Radiomics offers advantages not only in diagnosing diseases but also in conducting differential diagnoses. Cheng et al (19) compared three combinations of MRI features: T2WI-FS, CE-T1WI, and T2WI-FS+CE-T1WI. They found that the combination of T2WI-FS+CE-T1WI was most effective in distinguishing T1 NPC from nasopharyngeal lymphoid proliferation, with an AUC of 0.940 in the training set, 0.940 in the internal validation set, and 0.940 in the external validation set. The study suggests that MRI features based on radiomics have high accuracy in distinguishing T1 NPC from nasopharyngeal lymphoid hyperplasia, demonstrating significant potential for clinical diagnosis.

4.2 Application of radiomics in NPC efficacy prediction and evaluation

Radiotherapy in the early stages of NPC, as well as concurrent radiotherapy in advanced stages, plays a crucial role in evaluating the response and efficacy of NPC treatments, thereby aiding in optimizing clinical decision-making (15, 20).

In the study by Wang, GY et al (21), texture features were extracted from preprocessed MRI images, and histological imaging features were constructed using the LASSO logistic regression model. The study found that combining features from multiple imaging sequences, including T1WI, T2WI, T2WI FS, and CE T1WI, resulted in histological imaging features with an AUC value of 0.822 (95% CI 0.809-0.835), a sensitivity of 0.980, a specificity of 0.529, a PPV of 0.593, and an NPV of 0.949, which were significantly higher than those of CE T1WI alone. Radiomics successfully predicted early response to induction chemotherapy in NPC patients, demonstrating significant potential for clinical application.

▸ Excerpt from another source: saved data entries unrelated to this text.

text \<open>Fix \<open>\<alpha> > 0\<close> and \<open>y\<close> with \<open>Z(u)(y) \<ge> \<alpha>\<close>, and pick \<open>j\<close> with \<open>\<rho>\<^sub>j(\<beta>) \<ge> \<alpha>\<close>, where
  \<open>\<beta> = \<phi>\<^sub>j(u\<^sub>0 \<times> \<dots> \<times> u\<^sub>m\<^sub>-\<^sub>1)(y) > 0\<close>. Upper semicontinuity and compact supports make the
  supremum defining \<open>\<beta>\<close> attained at some \<open>x\<close> with \<open>\<phi>\<^sub>j(x) = y\<close> and \<open>u\<^sub>i(x\<^sub>i) \<ge> \<beta>\<close>. Each \<open>x\<^sub>i\<close> lies
  in the \<open>\<beta>\<close>-cut of \<open>u\<^sub>i\<close>, which is within Hausdorff distance \<open>d\<^sub>\<infinity>(u\<^sub>i,v\<^sub>i)\<close> of the \<open>\<beta>\<close>-cut of
  \<open>v\<^sub>i\<close>; this gives \<open>z\<close> with \<open>v\<^sub>i(z\<^sub>i) \<ge> \<beta>\<close> and \<open>d\<^sup>m(x,z) \<le> d\<^sub>\<infinity>\<^sup>m(u,v)\<close>. Then \<open>\<phi>\<^sub>j(z)\<close> lies in the
  \<open>\<alpha>\<close>-cut of \<open>Z(v)\<close> at distance at most \<open>\<psi>\<^sub>j(d\<^sub>\<infinity>\<^sup>m(u,v))\<close> from \<open>y\<close>. By symmetry this bounds the
  Hausdorff distance of all positive cuts, and the \<open>0\<close>-cut, being the closure of their union,
  follows by approximation. The maximum of finitely many Matkowski functions is again one,
  because Matkowski functions are characterised by \<open>\<psi>(t) < t\<close> together with
  \<open>\<forall>L > 0. \<exists>s > L. \<psi>(s) \<le> L\<close>.\<close>

section \<open>Matkowski functions\<close>

lemma matkowski_fun_less:
  assumes m: "matkowski_fun \<psi>" and t: "0 < t"
  shows "\<psi> t < t"
proof (rule ccontr)
  assume "\<not> \<psi> t < t"
  hence ge: "t \<le> \<psi> t" by simp
  have mono: "mono_on {0..} \<psi>" and lim: "(\<lambda>k. (\<psi> ^^ k) t) \<longlonglongrightarrow> 0"
    using m t unfolding matkowski_fun_def by auto
  have "t \<le> (\<psi> ^^ k) t" for k
  proof (induction k)
    case (Suc k)
    have "\<psi> t \<le> \<psi> ((\<psi> ^^ k) t)" by (rule mono_onD[OF mono]) (use Suc t in auto)
    with ge show ?case by simp
  qed simp
  hence "t \<le> 0" using LIMSEQ_le_const[OF lim] by blast
  with t show False by simp
qed

lemma matkowski_fun_exists_le:
  assumes m: "matkowski_fun \<psi>" and L: "0 < L"
  shows "\<exists>s>L. \<psi> s \<le> L"
proof (rule ccontr)
  assume "\<not> (\<exists>s>L. \<psi> s \<le> L)"
  hence gt: "\<And>s. L < s \<Longrightarrow> L < \<psi> s" by force
  have lim: "(\<lambda>k. (\<psi> ^^ k) (L + 1)) \<longlonglongrightarrow> 0"
    using m L unfolding matkowski_fun_def by auto
  have "L < (\<psi> ^^ k) (L + 1)" for k
    by (induction k) (auto intro: gt)
  hence "L \<le> 0" using LIMSEQ_le_const[OF lim] less_imp_le by blast
  with L show False by simp
qed

text \<open>Conversely, these two properties characterise Matkowski functions: the orbit of \<open>t\<close>
  decreases to some \<open>L \<ge> 0\<close>, and \<open>L > 0\<close> is impossible because an orbit point below the \<open>s\<close>
  with \<open>\<Phi> s \<le> L\<close> is mapped to \<open>L\<close> and the next one below \<open>L\<close>.\<close>

lemma matkowski_funI:
  fixes \<Phi> :: "real \<Rightarrow> real"
  assumes mono: "mono_on {0..} \<Phi>" and nonneg: "\<And>t. 0 \<le> t \<Longrightarrow> 0 \<le> \<Phi> t"
    and less: "\<And>t. 0 < t \<Longrightarrow> \<Phi> t < t" and gap: "\<And>L. 0 < L \<Longrightarrow> \<exists>s>L. \<Phi> s \<le> L"
  shows "matkowski_fun \<Phi>"
  unfolding matkowski_fun_def
proof (intro conjI allI impI mono nonneg)
  fix t :: real assume t: "0 < t"
  have \<Phi>0: "\<Phi> 0 \<le> 0"
  proof (rule field_le_epsilon)
    fix e :: real assume "0 < e"
    hence "\<Phi> 0 \<le> \<Phi> e" "\<Phi> e < e" by (auto intro: mono_onD[OF mono] less)
    thus "\<Phi> 0 \<le> 0 + e" by simp
  qed
  define a where "a k = (\<Phi> ^^ k) t" for k
  have a_Suc: "a (Suc k) = \<Phi> (a k)" for k unfolding a_def by simp
  have a_nonneg: "0 \<le> a k" for k
    by (induction k) (use t nonneg in \<open>auto simp: a_def\<close>)
  have "decseq a"
  proof (rule decseq_SucI)
    show "a (Suc k) \<le> a k" for k
      using a_Suc \<Phi>0 less[of "a k"] a_nonneg[of k] by (cases "a k = 0") auto
  qed
  then obtain L where L: "a \<longlonglongrightarrow> L" and L_le: "\<forall>k. L \<le> a k"
    using decseq_convergent a_nonneg by blast
  have "L = 0"
  proof (rule ccontr)
    assume "L \<noteq> 0"
    with LIMSEQ_le_const[OF L] a_nonneg have L_pos: "0 < L" by force
    then obtain s where s: "L < s" "\<Phi> s \<le> L" using gap by blast
    obtain k where "a k < s"
      using order_tendstoD(2)[OF L s(1)] by (auto simp: eventually_sequentially)
    hence "a (Suc k) \<le> L" using s a_Suc mono_onD[OF mono, of "a k" s] a_nonneg[of k] by auto
    hence "a (Suc k) = L" using L_le by (meson order_antisym)
    hence "a (Suc (Suc k)) < L" using a_Suc less L_pos by simp
    with L_le show False by (meson not_le)
  qed
  with L show "(\<lambda>k. (\<Phi> ^^ k) t) \<longlonglongrightarrow> 0" unfolding a_def by simp
qed

lemma matkowski_fun_Max:
  assumes J: "finite J" "J \<noteq> {}" and \<psi>: "\<And>j. j \<in> J \<Longrightarrow> matkowski_fun (\<psi> j)"
  shows "matkowski_fun (\<lambda>t. Max ((\<lambda>j. \<psi> j t) ` J))"
proof (rule matkowski_funI)
  have mono: "mono_on {0..} (\<psi> j)" and nonneg: "\<And>t. 0 \<le> t \<Longrightarrow> 0 \<le> \<psi> j t" if "j \<in> J" for j
    using \<psi>[OF that] unfolding matkowski_fun_def by blast+
  have Max_ge_\<psi>: "\<psi> j t \<le> Max ((\<lambda>j. \<psi> j t) ` J)" if "j \<in> J" for j t
    using J that by (intro Max_ge) auto
  show "mono_on {0..} (\<lambda>t. Max ((\<lambda>j. \<psi> j t) ` J))"
  proof (rule mono_onI)
    fix r s :: real assume rs: "r \<in> {0..}" "s \<in> {0..}" "r \<le> s"
    have "\<psi> j r \<le> Max ((\<lambda>j. \<psi> j s) ` J)" if "j \<in> J" for j
      using mono_onD[OF mono[OF that] rs] Max_ge_\<psi>[OF that, of s] by linarith
    with J show "Max ((\<lambda>j. \<psi> j r) ` J) \<le> Max ((\<lambda>j. \<psi> j s) ` J)" by (simp add: Max_le_iff)
  qed
  show "0 \<le> Max ((\<lambda>j. \<psi> j t) ` J)" if "0 \<le> t" for t
  proof -
    obtain j where "j \<in> J" using J by blast
    with nonneg[OF this that] Max_ge_\<psi>[OF this, of t] show ?thesis by linarith
  qed
  show "Max ((\<lambda>j. \<psi> j t) ` J) < t" if "0 < t" for t
    using J \<psi> that by (simp add: Max_less_iff matkowski_fun_less)
  show "\<exists>s>L. Max ((\<lambda>j. \<psi> j s) ` J) \<le> L" if L: "0 < L" for L
  proof -
    obtain s' where s': "\<And>j. j \<in> J \<Longrightarrow> L < s' j \<and> \<psi> j (s' j) \<le> L"
      using matkowski_fun_exists_le[OF \<psi> L] by metis
    define s where "s = Min (s' ` J)"
    have "L < s" unfolding s_def using J s' by (simp add: Min_gr_iff)
    moreover have "\<psi> j s \<le> L" if j: "j \<in> J" for j
    proof -
      have "s \<le> s' j" unfolding s_def using J j by simp
      hence "\<psi> j s \<le> \<psi> j (s' j)" by (intro mono_onD[OF mono[OF j]]) (use \<open>L < s\<close> L in auto)
      with s'[OF j] show ?thesis by simp
    qed
    ultimately show ?thesis using J by (auto simp: Max_le_iff)
  qed
qed

section \<open>The maximum metric on \<open>X\<^sup>m\<close>\<close>

lemma d_m_nonneg: "0 \<le> d_m x y"
proof -
  have "dist (x i) (y i) \<le> d_m x y" for i unfolding d_m_def by (rule Max_ge) auto
  thus ?thesis using zero_le_dist order_trans by blast
qed

lemma d_m_le_iff: "d_m x y \<le> D \<longleftrightarrow> (\<forall>i. dist (x i) (y i) \<le> D)"
  unfolding d_m_def by (subst Max_le_iff) auto

lemma tendsto_cont_m:
  fixes z :: "nat \<Rightarrow> 'm::finite \<Rightarrow> 'a::metric_space"
  assumes f: "cont_m f" and z: "\<And>i. (\<lambda>k. z k i) \<longlonglongrightarrow> l i"
  shows "(\<lambda>k. f (z k)) \<longlonglongrightarrow> f l"
proof (rule tendstoI)
  fix e :: real assume "e > 0"
  then obtain d where d: "d > 0" and close: "\<And>y. d_m l y < d \<Longrightarrow> dist (f l) (f y) < e"
    using f unfolding cont_m_def by blast
  have "\<forall>\<^sub>F k in sequentially. \<forall>i. dist (z k i) (l i) < d"
    by (rule eventually_all_finite) (use z d tendstoD in blast)
  thus "\<forall>\<^sub>F k in sequentially. dist (f (z k)) (f l) < e"
  proof eventually_elim
    case (elim k)
    hence "d_m l (z k) < d" unfolding d_m_def by (simp add: Max_less_iff dist_commute)
    from close[OF this] show ?case by (simp add: dist_commute)
  qed
qed

lemma
  assumes "lipschitz_m f"
  shows Lip_m_nonneg: "0 \<le> Lip_m f"
    and dist_le_Lip_m: "dist (f x) (f y) \<le> Lip_m f * d_m x y"
proof -
  define S where "S = {L. 0 \<le> L \<and> (\<forall>x y. dist (f x) (f y) \<le> L * d_m x y)}"
  have S: "S \<noteq> {}" using assms unfolding lipschitz_m_def S_def by auto
  have Lip: "Lip_m f = Inf S" unfolding Lip_m_def S_def ..
  show "0 \<le> Lip_m f" unfolding Lip using S by (intro cInf_greatest) (auto simp: S_def)
  show "dist (f x) (f y) \<le> Lip_m f * d_m x y"
  proof (cases "d_m x y = 0")
    case True
    obtain L where "L \<in> S" using S by blast
    hence "dist (f x) (f y) \<le> L * d_m x y" unfolding S_def by blast
    with True show ?thesis by simp
  next
    case False
    hence d_pos: "0 < d_m x y" using d_m_nonneg[of x y] by simp
    have "dist (f x) (f y) / d_m x y \<le> Inf S"
      using S d_pos by (intro cInf_greatest) (auto simp: S_def divide_le_eq)
    with d_pos Lip show ?thesis by (simp add: divide_le_eq)
  qed
qed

In a study by Liu, J et al (22), texture analysis of three MRI sequences—T1W, T2W, and DWI—was compared, and k-nearest neighbor (kNN) and artificial neural network (ANN) classification algorithms were used to construct the models. The results demonstrated that DWI sequences, with an accuracy of 0.881 (ANN) and 0.929 (kNN), were the most effective in predicting the response of NPC patients to chemoradiotherapy. The external validation results were consistent with the internal validation, further supporting these findings. Radiomics shows potential in predicting treatment response, contributing to the development of personalized treatment plans.

Radiomics has also shown particular success in predicting chemotherapy response in NPC. A multi-MRI radiomics nomogram developed by Zhao et al. (23)could distinguish responders to induction chemotherapy (IC) from non-responders with high accuracy. This model, which integrated texture features from T1, T2, and contrast-enhanced MRI with clinical factors, significantly outperformed a clinical model (validation C-index 0.863 vs 0.549) in forecasting IC response and survival. Clinically, patients predicted as responders had markedly better 3-year progression-free survival (PFS) (84.81% vs 39.75%), validating that the radiomics-driven stratification corresponded to real outcome differences. Similarly, Piao et al. (24) built a logistic radiomics model from pretreatment MRI to predict neoadjuvant chemotherapy efficacy. They identified two key texture features whose combination achieved an AUC of 0.905 in differentiating chemo-sensitive versus resistant tumors. These studies underscore radiomics’ impact in guiding chemotherapeutic decision-making, sparing patients from ineffective regimens and improving personalized care.

4.3 Application of radiomics in NPC prognosis prediction

NPC typically has a favorable prognosis, with a five-year survival rate of approximately 80% (25). Prognostic evaluation is a critical component in patient management, with accurate predictions guiding treatment intensity, thus minimizing the risk of recurrence and mortality (26).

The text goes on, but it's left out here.